The advert stated: “If your credit card or loan was taken out before April 2007 it could be completely unenforceable and will not need to be repaid. Our solicitors can use Government legislation to arrange for your outstanding balances to be written off and claim compensation for you without affecting your credit rating.”

Debt Free argued that its advert did not exaggerate the likelihood of a debt being written off because it stated that a credit card or loan taken out before April 2007 “could be” unenforceable, not that all would be.

It also said the advert did not state or imply that the service offered by the company was provided free of charge. They said their costs varied depending on the circumstances of the client.

The ASA upheld the complaints of Lloyds TSB. It agreed that the advert was likely to mislead readers as to the likelihood of their debts being written off.

The agency also found that Debt Free could charge two sets of fees: firstly fees to obtain and assess one or more credit agreements and, secondly, fees paid to take matters forward in the event those agreements were considered potentially unenforceable. It says Debt Free did not make this clear either.

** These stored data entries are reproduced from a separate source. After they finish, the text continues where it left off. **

lemma mult_lt_one_mem:
  assumes g: "g \<in> X" and \<psi>: "\<psi> \<in> borel_measurable M"
    and range: "\<And>x. x \<in> space M \<Longrightarrow> 0 \<le> \<psi> x \<and> \<psi> x < 1"
  shows "(\<lambda>x. \<psi> x * g x) \<in> X \<and> N (\<lambda>x. \<psi> x * g x) \<le> N g"
proof -
  define B where "B j = {x \<in> space M. odd \<lfloor>2 ^ j * \<psi> x\<rfloor>}" for j :: nat
  have B: "B j \<in> sets M" for j unfolding B_def using \<psi> by measurable
  define u where "u k = (\<lambda>x. (1/2) ^ Suc k * (indicator (B (Suc k)) x * g x))" for k
  have u: "u k \<in> X" for k
    unfolding u_def by (intro mult_mem indicator_mult_mem[OF g B, THEN conjunct1])
  have Nu: "N (u k) \<le> N g * (1/2) ^ Suc k" for k
    using N_mult[OF indicator_mult_mem[OF g B, THEN conjunct1], of "(1/2) ^ Suc k" "Suc k"]
      indicator_mult_mem[OF g B, THEN conjunct2, of "Suc k"]
    by (simp add: u_def mult.commute)
  have sums: "(\<lambda>k. N g * (1/2) ^ Suc k) sums N g"
    using sums_mult[OF power_half_series, of "N g"] by simp
  have "AE x in M. (\<lambda>n. \<Sum>k<n. u k x) \<longlonglongrightarrow> \<psi> x * g x"
  proof (rule AE_I2)
    fix x assume x: "x \<in> space M"
    have "(\<lambda>n. \<Sum>k<n. u k x) = (\<lambda>n. real_of_int \<lfloor>2 ^ n * \<psi> x\<rfloor> / 2 ^ n * g x)"
    proof
      fix n
      have "(\<Sum>k<n. u k x) = (\<Sum>k<n. of_bool (odd \<lfloor>2 ^ Suc k * \<psi> x\<rfloor>) / 2 ^ Suc k) * g x"
        unfolding sum_distrib_right
        by (intro sum.cong) (auto simp: u_def B_def x power_one_over)
      then show "(\<Sum>k<n. u k x) = real_of_int \<lfloor>2 ^ n * \<psi> x\<rfloor> / 2 ^ n * g x"
        using binary_digits_sum[OF range[OF x, THEN conjunct1] range[OF x, THEN conjunct2]]
        by simp
    qed
    then show "(\<lambda>n. \<Sum>k<n. u k x) \<longlonglongrightarrow> \<psi> x * g x"
      by (simp only: tendsto_mult_right dyadic_floor_tendsto)
  qed
  moreover have "(\<lambda>x. \<psi> x * g x) \<in> borel_measurable M"
    using \<psi> mem_measurable[OF g] by measurable
  ultimately show ?thesis
    using series_mem_N_le[OF u Nu sums_summable[OF sums]] sums_unique[OF sums] by simp
qed

lemma mult_unit_interval_mem:
  assumes g: "g \<in> X" and \<phi>: "\<phi> \<in> borel_measurable M"
    and range: "\<And>x. x \<in> space M \<Longrightarrow> 0 \<le> \<phi> x \<and> \<phi> x \<le> 1"
  shows "(\<lambda>x. \<phi> x * g x) \<in> X \<and> N (\<lambda>x. \<phi> x * g x) \<le> N g"
proof -
  have "(\<lambda>x. \<phi> x / 2 * g x) \<in> X"
  proof (rule mult_lt_one_mem[OF g, THEN conjunct1])
    show "(\<lambda>x. \<phi> x / 2) \<in> borel_measurable M" using \<phi> by measurable
  qed (use range in fastforce)
  from mult_mem[OF this, of 2] have mem: "(\<lambda>x. \<phi> x * g x) \<in> X" by simp
  have "z * N (\<lambda>x. \<phi> x * g x) \<le> N g" if z: "0 < z" "z < 1" for z
  proof -
    have "z * N (\<lambda>x. \<phi> x * g x) = N (\<lambda>x. (z * \<phi> x) * g x)"
      using N_mult[OF mem, of z] z by (simp add: mult.assoc)
    also have "\<dots> \<le> N g"
    proof (rule mult_lt_one_mem[THEN conjunct2, OF g])
      show "(\<lambda>x. z * \<phi> x) \<in> borel_measurable M" using \<phi> by measurable
      fix x assume x: "x \<in> space M"
      have "z * \<phi> x \<le> z * 1" using range[OF x] z by (intro mult_left_mono) auto
      then have "z * \<phi> x < 1" using z by linarith
      moreover have "0 \<le> z * \<phi> x" using range[OF x] z by simp
      ultimately show "0 \<le> z * \<phi> x \<and> z * \<phi> x < 1" by simp
    qed
    finally show ?thesis .
  qed
  with mem show ?thesis by (simp add: field_le_mult_one_interval)
qed

lemma mult_unit_interval_AE_mem:
  assumes g: "g \<in> X" and \<phi>: "\<phi> \<in> borel_measurable M"
    and range: "AE x in M. 0 \<le> \<phi> x \<and> \<phi> x \<le> 1"
  shows "(\<lambda>x. \<phi> x * g x) \<in> X \<and> N (\<lambda>x. \<phi> x * g x) \<le> N g"
proof -
  define \<phi>' where "\<phi>' x = max 0 (min 1 (\<phi> x))" for x
  have "\<phi>' \<in> borel_measurable M" unfolding \<phi>'_def using \<phi> by measurable
  then have "(\<lambda>x. \<phi>' x * g x) \<in> X \<and> N (\<lambda>x. \<phi>' x * g x) \<le> N g"
    by (rule mult_unit_interval_mem[OF g]) (auto simp: \<phi>'_def)
  moreover have "AE x in M. \<phi>' x * g x = \<phi> x * g x"
    using range by eventually_elim (auto simp: \<phi>'_def)
  moreover have "(\<lambda>x. \<phi> x * g x) \<in> borel_measurable M"
    using \<phi> mem_measurable[OF g] by measurable
  ultimately show ?thesis using mem_AE_cong[of "\<lambda>x. \<phi>' x * g x"] by auto
qed

lemma nonneg_le_dominated:
  assumes f: "f \<in> borel_measurable M" and g: "g \<in> X"
    and le: "AE x in M. 0 \<le> f x \<and> f x \<le> g x"
  shows "f \<in> X \<and> N f \<le> N g"
proof -
  define \<phi> where "\<phi> x = (if g x = 0 then 0 else f x / g x)" for x
  have "\<phi> \<in> borel_measurable M" unfolding \<phi>_def using f mem_measurable[OF g] by measurable
  moreover have "AE x in M. 0 \<le> \<phi> x \<and> \<phi> x \<le> 1" using le by eventually_elim (auto simp: \<phi>_def)
  ultimately have "(\<lambda>x. \<phi> x * g x) \<in> X \<and> N (\<lambda>x. \<phi> x * g x) \<le> N g"
    by (rule mult_unit_interval_AE_mem[OF g])
  moreover have "AE x in M. \<phi> x * g x = f x" using le by eventually_elim (auto simp: \<phi>_def)
  ultimately show ?thesis using mem_AE_cong[of "\<lambda>x. \<phi> x * g x" f] f by auto
qed

lemma abs_le_dominated:
  assumes f: "f \<in> borel_measurable M" and g: "g \<in> X"
    and le: "AE x in M. \<bar>f x\<bar> \<le> \<bar>g x\<bar>"
  shows "f \<in> X \<and> N f \<le> 2 * N g"
proof -
  define \<phi> where "\<phi> x = (if g x = 0 then 0 else f x / g x)" for x
  have \<phi>: "\<phi> \<in> borel_measurable M" unfolding \<phi>_def using f mem_measurable[OF g] by measurable
  have bound: "AE x in M. \<bar>\<phi> x\<bar> \<le> 1" using le by eventually_elim (auto simp: \<phi>_def abs_divide)
  have "AE x in M. 0 \<le> max (\<phi> x) 0 \<and> max (\<phi> x) 0 \<le> 1" using bound by eventually_elim auto
  from mult_unit_interval_AE_mem[OF g _ this] \<phi>
  have pos: "(\<lambda>x. max (\<phi> x) 0 * g x) \<in> X" "N (\<lambda>x. max (\<phi> x) 0 * g x) \<le> N g" by auto
  have "AE x in M. 0 \<le> max (- \<phi> x) 0 \<and> max (- \<phi> x) 0 \<le> 1" using bound by eventually_elim auto
  from mult_unit_interval_AE_mem[OF g _ this] \<phi>
  have neg: "(\<lambda>x. max (- \<phi> x) 0 * g x) \<in> X" "N (\<lambda>x. max (- \<phi> x) 0 * g x) \<le> N g" by auto
  let ?h = "\<lambda>x. max (\<phi> x) 0 * g x - max (- \<phi> x) 0 * g x"
  have "?h \<in> X" "N ?h \<le> 2 * N g"
    using diff_mem[OF pos(1) neg(1)] N_diff_le[OF pos(1) neg(1)] pos(2) neg(2) by auto
  moreover have "AE x in M. ?h x = f x"
    using le by eventually_elim (auto simp: \<phi>_def max_def field_simps)
  ultimately show ?thesis using mem_AE_cong[of ?h f] f by auto
qed

lemma ideal: "ideal_L0 M X"
  unfolding ideal_L0_def using abs_le_dominated by blast

lemma abs_mem:
  assumes f: "f \<in> X"
  shows "(\<lambda>x. \<bar>f x\<bar>) \<in> X \<and> N (\<lambda>x. \<bar>f x\<bar>) \<le> 2 * N f"
proof (rule abs_le_dominated[OF _ f])
  show "(\<lambda>x. \<bar>f x\<bar>) \<in> borel_measurable M" using mem_measurable[OF f] by measurable
qed simp

lemma N_le_abs:
  assumes f: "f \<in> X"
  shows "N f \<le> 2 * N (\<lambda>x. \<bar>f x\<bar>)"
  using abs_le_dominated[OF mem_measurable[OF f] abs_mem[OF f, THEN conjunct1]] by simp

lemma Linf_mult_mem:
  assumes h: "h \<in> Linf M" and f: "f \<in> X"
  shows "(\<lambda>x. h x * f x) \<in> X \<and>
    N (\<lambda>x. \<bar>h x * f x\<bar>) \<le> Linf_norm M h * N (\<lambda>x. \<bar>f x\<bar>) \<and>
    N (\<lambda>x. h x * f x) \<le> 4 * Linf_norm M h * N f"
proof -
  let ?c = "Linf_norm M h"
  have h_meas: "h \<in> borel_measurable M" and c: "0 \<le> ?c" and bound: "AE x in M. \<bar>h x\<bar> \<le> ?c"
    using Linf_AE_abs_le[OF h] by auto
  have hf_meas: "(\<lambda>x. h x * f x) \<in> borel_measurable M" "(\<lambda>x. \<bar>h x * f x\<bar>) \<in> borel_measurable M"
    using h_meas mem_measurable[OF f] by measurable
  have "AE x in M. \<bar>h x * f x\<bar> \<le> \<bar>?c * f x\<bar>"
    using bound by eventually_elim (simp add: abs_mult c mult_right_mono)
  from abs_le_dominated[OF hf_meas(1) mult_mem[OF f] this]
  have hf: "(\<lambda>x. h x * f x) \<in> X" and "N (\<lambda>x. h x * f x) \<le> 2 * N (\<lambda>x. ?c * f x)"
    by simp_all
  then have "N (\<lambda>x. h x * f x) \<le> 2 * (?c * N f)"
    using N_mult[OF f, of ?c] c by simp
  also have "\<dots> \<le> 4 * (?c * N f)"
    using mult_nonneg_nonneg[OF N_nonneg[OF f] c] by simp
  finally have hf_le: "N (\<lambda>x. h x * f x) \<le> 4 * ?c * N f"
    by (simp add: mult.assoc)
  have "AE x in M. 0 \<le> \<bar>h x * f x\<bar> \<and> \<bar>h x * f x\<bar> \<le> ?c * \<bar>f x\<bar>"
    using bound by eventually_elim (simp add: abs_mult mult_right_mono)
  from nonneg_le_dominated[OF hf_meas(2) mult_mem[OF abs_mem[OF f, THEN conjunct1]] this]
  have "N (\<lambda>x. \<bar>h x * f x\<bar>) \<le> ?c * N (\<lambda>x. \<bar>f x\<bar>)"
    using N_mult[OF abs_mem[OF f, THEN conjunct1], of ?c] c by simp
  with hf hf_le show ?thesis by simp
qed

lemma N_abs_diff_le: "g \<in> X \<Longrightarrow> h \<in> X \<Longrightarrow> N (\<lambda>x. \<bar>g x\<bar> - \<bar>h x\<bar>) \<le> 2 * N (\<lambda>x. g x - h x)"
proof (rule abs_le_dominated[THEN conjunct2, OF _ diff_mem])
  assume "g \<in> X" "h \<in> X"
  then show "(\<lambda>x. \<bar>g x\<bar> - \<bar>h x\<bar>) \<in> borel_measurable M"
    using mem_measurable by measurable
qed (auto simp: abs_triangle_ineq3)

lemma N_abs_diff_le_monotone_constant:
  assumes C: "C > 0"
    and mono: "\<forall>f\<in>X. \<forall>g\<in>X. (AE x in M. 0 \<le> f x \<and> f x \<le> g x) \<longrightarrow> N f \<le> C * N g"
    and g: "g \<in> X" and h: "h \<in> X"
  shows "N (\<lambda>x. \<bar>g x\<bar> - \<bar>h x\<bar>) \<le> 4 * C * N (\<lambda>x. g x - h x)"
proof -
  have gh: "(\<lambda>x. \<bar>g x\<bar> - \<bar>h x\<bar>) \<in> X" "(\<lambda>x. g x - h x) \<in> X"
    using diff_mem abs_mem g h by auto
  have "N (\<lambda>x. \<bar>g x\<bar> - \<bar>h x\<bar>) \<le> 2 * N (\<lambda>x. \<bar>\<bar>g x\<bar> - \<bar>h x\<bar>\<bar>)"
    by (rule N_le_abs[OF gh(1)])
  also have "\<dots> \<le> 2 * (C * N (\<lambda>x. \<bar>g x - h x\<bar>))"
    using mono abs_mem[OF gh(1)] abs_mem[OF gh(2)] by (simp add: abs_triangle_ineq3)
  also have "\<dots> \<le> 2 * (C * (2 * N (\<lambda>x. g x - h x)))"
    using abs_mem[OF gh(2)] C by simp
  finally show ?thesis by simp
qed

lemma abs_continuous:
  assumes "f \<in> X" and "e > 0"
  shows "\<exists>d>0. \<forall>g\<in>X. N (\<lambda>x. g x - f x) < d \<longrightarrow> N (\<lambda>x. \<bar>g x\<bar> - \<bar>f x\<bar>) < e"
proof (intro exI conjI ballI impI)
  show "0 < e / 2" using \<open>e > 0\<close> by simp
  fix g assume "g \<in> X" and "N (\<lambda>x. g x - f x) < e / 2"
  with N_abs_diff_le[OF \<open>g \<in> X\<close> \<open>f \<in> X\<close>] show "N (\<lambda>x. \<bar>g x\<bar> - \<bar>f x\<bar>) < e" by linarith
qed

lemma abs_norm: "is_norm_on M X (\<lambda>f. N (\<lambda>x. \<bar>f x\<bar>))"
  unfolding is_norm_on_def
proof (intro conjI ballI allI)
  fix f assume f: "f \<in> X"
  then have af: "(\<lambda>x. \<bar>f x\<bar>) \<in> X" using abs_mem by blast
  show "0 \<le> N (\<lambda>x. \<bar>f x\<bar>)" by (rule N_nonneg[OF af])
  show "N (\<lambda>x. \<bar>f x\<bar>) = 0 \<longleftrightarrow> (AE x in M. f x = 0)" using N_eq_0_iff[OF af] by simp
  fix c :: real
  show "N (\<lambda>x. \<bar>c * f x\<bar>) = \<bar>c\<bar> * N (\<lambda>x. \<bar>f x\<bar>)"
    using N_mult[OF af, of "\<bar>c\<bar>"] by (simp add: abs_mult)
next
  fix f g assume f: "f \<in> X" and g: "g \<in> X"
  then have af: "(\<lambda>x. \<bar>f x\<bar>) \<in> X" and ag: "(\<lambda>x. \<bar>g x\<bar>) \<in> X" using abs_mem by blast+
  have "N (\<lambda>x. \<bar>f x + g x\<bar>) \<le> N (\<lambda>x. \<bar>f x\<bar> + \<bar>g x\<bar>)"
    using nonneg_le_dominated[OF _ add_mem[OF af ag]] mem_measurable[OF f] mem_measurable[OF g]
    by (simp add: abs_triangle_ineq)
  also have "\<dots> \<le> N (\<lambda>x. \<bar>f x\<bar>) + N (\<lambda>x. \<bar>g x\<bar>)" by (rule N_triangle[OF af ag])
  finally show "N (\<lambda>x. \<bar>f x + g x\<bar>) \<le> N (\<lambda>x. \<bar>f x\<bar>) + N (\<lambda>x. \<bar>g x\<bar>)" .
qed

When questioned by the ASA, Debt Free said it did not know what percentage of all credit card or loan credit agreements were incorrect. However, it said that, of the credit agreements they had submitted to their solicitors, they believed approximately 76 per cent of the credit card and 85 per cent of the loan agreements had broken the terms of the Consumer Credit Act to a sufficient degree that they were legally unenforceable as defined under it.